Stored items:
══════════
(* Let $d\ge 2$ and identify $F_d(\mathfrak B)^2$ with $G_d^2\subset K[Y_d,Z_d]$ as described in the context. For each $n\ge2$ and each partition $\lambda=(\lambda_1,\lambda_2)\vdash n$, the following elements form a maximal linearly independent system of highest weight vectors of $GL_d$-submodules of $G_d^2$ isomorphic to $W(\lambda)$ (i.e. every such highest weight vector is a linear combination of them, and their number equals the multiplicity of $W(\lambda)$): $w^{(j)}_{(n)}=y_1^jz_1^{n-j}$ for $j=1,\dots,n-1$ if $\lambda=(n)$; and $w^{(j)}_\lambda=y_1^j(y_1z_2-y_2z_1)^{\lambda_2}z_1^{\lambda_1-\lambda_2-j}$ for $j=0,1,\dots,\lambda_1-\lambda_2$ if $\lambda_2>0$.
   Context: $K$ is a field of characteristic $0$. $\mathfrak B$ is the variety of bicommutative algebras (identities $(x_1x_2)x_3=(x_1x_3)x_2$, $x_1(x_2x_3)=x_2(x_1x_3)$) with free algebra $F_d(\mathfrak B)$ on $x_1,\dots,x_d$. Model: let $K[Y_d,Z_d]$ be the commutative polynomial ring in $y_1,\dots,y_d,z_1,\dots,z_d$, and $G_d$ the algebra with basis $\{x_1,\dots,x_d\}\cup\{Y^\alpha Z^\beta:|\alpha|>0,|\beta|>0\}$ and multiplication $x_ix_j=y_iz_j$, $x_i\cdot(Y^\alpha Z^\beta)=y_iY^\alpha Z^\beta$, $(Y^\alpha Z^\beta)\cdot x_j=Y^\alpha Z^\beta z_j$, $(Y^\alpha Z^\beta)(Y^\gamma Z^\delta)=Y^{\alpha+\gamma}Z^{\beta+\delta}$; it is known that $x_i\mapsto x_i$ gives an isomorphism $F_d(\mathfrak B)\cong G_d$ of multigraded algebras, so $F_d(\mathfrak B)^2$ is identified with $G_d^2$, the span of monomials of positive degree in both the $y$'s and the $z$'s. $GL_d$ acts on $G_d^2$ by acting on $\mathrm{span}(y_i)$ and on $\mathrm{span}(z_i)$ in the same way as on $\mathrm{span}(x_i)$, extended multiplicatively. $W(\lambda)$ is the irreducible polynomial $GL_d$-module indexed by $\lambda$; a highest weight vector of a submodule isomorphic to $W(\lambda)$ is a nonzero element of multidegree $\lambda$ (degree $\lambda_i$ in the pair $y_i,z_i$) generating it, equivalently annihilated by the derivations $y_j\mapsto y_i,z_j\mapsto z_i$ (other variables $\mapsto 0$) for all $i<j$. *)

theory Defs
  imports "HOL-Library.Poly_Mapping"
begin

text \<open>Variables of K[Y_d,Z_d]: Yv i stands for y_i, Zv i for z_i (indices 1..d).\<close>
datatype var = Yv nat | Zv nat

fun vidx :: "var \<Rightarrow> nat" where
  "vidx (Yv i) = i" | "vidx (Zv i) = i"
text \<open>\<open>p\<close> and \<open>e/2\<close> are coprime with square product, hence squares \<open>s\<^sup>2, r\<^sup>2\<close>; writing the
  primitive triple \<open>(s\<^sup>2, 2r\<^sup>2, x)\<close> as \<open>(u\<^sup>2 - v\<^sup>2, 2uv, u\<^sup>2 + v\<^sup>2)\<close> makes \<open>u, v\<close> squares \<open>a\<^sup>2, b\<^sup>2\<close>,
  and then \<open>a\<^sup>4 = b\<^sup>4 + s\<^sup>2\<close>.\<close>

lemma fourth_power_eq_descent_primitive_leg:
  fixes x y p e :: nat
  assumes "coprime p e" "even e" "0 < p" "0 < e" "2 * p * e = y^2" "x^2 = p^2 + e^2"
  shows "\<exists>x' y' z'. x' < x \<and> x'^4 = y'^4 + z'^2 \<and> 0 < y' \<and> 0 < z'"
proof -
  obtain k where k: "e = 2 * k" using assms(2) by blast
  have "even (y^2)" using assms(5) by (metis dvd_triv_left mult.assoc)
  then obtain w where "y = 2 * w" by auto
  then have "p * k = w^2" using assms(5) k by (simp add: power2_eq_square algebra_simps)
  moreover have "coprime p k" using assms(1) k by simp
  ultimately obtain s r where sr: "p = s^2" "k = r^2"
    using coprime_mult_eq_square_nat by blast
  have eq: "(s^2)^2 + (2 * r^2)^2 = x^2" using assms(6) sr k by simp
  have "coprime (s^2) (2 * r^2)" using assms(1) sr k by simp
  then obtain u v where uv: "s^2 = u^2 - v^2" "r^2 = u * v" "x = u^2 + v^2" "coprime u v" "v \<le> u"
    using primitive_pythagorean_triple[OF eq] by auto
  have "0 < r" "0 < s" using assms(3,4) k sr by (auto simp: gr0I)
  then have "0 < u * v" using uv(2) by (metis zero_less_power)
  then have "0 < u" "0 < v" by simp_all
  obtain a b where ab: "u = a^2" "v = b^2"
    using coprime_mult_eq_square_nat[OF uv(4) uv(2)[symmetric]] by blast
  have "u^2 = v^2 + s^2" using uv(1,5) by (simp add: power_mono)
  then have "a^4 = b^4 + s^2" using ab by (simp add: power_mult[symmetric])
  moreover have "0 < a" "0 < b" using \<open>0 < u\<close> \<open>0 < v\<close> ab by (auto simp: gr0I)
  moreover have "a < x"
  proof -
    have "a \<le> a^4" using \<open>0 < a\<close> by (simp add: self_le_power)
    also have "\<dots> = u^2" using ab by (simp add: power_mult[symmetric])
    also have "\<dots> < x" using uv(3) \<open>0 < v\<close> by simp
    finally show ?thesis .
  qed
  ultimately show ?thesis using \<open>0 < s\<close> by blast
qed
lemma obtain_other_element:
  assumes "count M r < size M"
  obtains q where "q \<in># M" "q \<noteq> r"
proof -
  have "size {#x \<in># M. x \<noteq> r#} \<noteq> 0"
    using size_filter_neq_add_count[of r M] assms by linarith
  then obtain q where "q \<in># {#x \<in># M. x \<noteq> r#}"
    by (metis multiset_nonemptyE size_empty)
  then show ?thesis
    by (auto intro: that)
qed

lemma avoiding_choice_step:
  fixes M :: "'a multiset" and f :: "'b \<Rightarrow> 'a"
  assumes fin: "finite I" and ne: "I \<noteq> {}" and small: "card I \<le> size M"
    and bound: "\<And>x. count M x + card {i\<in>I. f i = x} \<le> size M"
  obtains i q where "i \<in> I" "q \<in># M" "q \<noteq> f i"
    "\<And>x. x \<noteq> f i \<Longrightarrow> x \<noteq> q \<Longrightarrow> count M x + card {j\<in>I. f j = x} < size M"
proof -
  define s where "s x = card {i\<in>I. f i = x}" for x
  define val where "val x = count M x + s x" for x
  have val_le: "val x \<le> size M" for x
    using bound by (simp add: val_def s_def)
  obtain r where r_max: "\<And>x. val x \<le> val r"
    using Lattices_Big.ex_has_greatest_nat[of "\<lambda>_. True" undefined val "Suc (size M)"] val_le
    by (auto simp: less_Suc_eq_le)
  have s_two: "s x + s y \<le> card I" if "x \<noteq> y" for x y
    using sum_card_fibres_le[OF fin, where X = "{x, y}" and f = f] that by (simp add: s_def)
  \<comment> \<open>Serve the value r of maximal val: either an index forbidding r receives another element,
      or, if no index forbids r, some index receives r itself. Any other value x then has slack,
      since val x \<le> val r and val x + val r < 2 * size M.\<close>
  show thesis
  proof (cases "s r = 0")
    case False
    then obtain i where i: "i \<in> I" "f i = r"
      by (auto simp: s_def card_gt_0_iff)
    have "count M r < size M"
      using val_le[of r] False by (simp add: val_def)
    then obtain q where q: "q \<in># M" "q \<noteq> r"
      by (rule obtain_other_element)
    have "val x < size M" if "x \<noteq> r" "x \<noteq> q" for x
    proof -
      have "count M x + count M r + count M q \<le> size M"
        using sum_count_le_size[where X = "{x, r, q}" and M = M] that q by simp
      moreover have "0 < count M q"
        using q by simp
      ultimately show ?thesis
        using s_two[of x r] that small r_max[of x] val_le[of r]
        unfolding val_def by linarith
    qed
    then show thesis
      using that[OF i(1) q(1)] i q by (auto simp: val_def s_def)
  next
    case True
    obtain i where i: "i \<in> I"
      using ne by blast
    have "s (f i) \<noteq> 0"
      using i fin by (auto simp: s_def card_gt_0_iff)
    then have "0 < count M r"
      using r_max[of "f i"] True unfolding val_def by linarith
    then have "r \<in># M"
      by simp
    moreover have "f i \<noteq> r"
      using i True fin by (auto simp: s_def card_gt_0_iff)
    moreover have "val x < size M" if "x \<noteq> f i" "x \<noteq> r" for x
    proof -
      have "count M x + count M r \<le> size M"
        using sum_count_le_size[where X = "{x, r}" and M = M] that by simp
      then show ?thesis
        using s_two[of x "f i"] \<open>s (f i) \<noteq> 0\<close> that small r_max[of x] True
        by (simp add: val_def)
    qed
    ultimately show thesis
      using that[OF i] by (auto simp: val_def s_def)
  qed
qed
══════════
YOUR TASK: Take the lines above from the one containing "datatype var = Yv nat | Zv nat" down to the one containing "text \<open>\<open>p\<close> and", and transcribe them exactly, both ends included.

SOLUTION TO THE EXERCISE:
datatype var = Yv nat | Zv nat

fun vidx :: "var \<Rightarrow> nat" where
  "vidx (Yv i) = i" | "vidx (Zv i) = i"
text \<open>\<open>p\<close> and \<open>e/2\<close> are coprime with square product, hence squares \<open>s\<^sup>2, r\<^sup>2\<close>; writing the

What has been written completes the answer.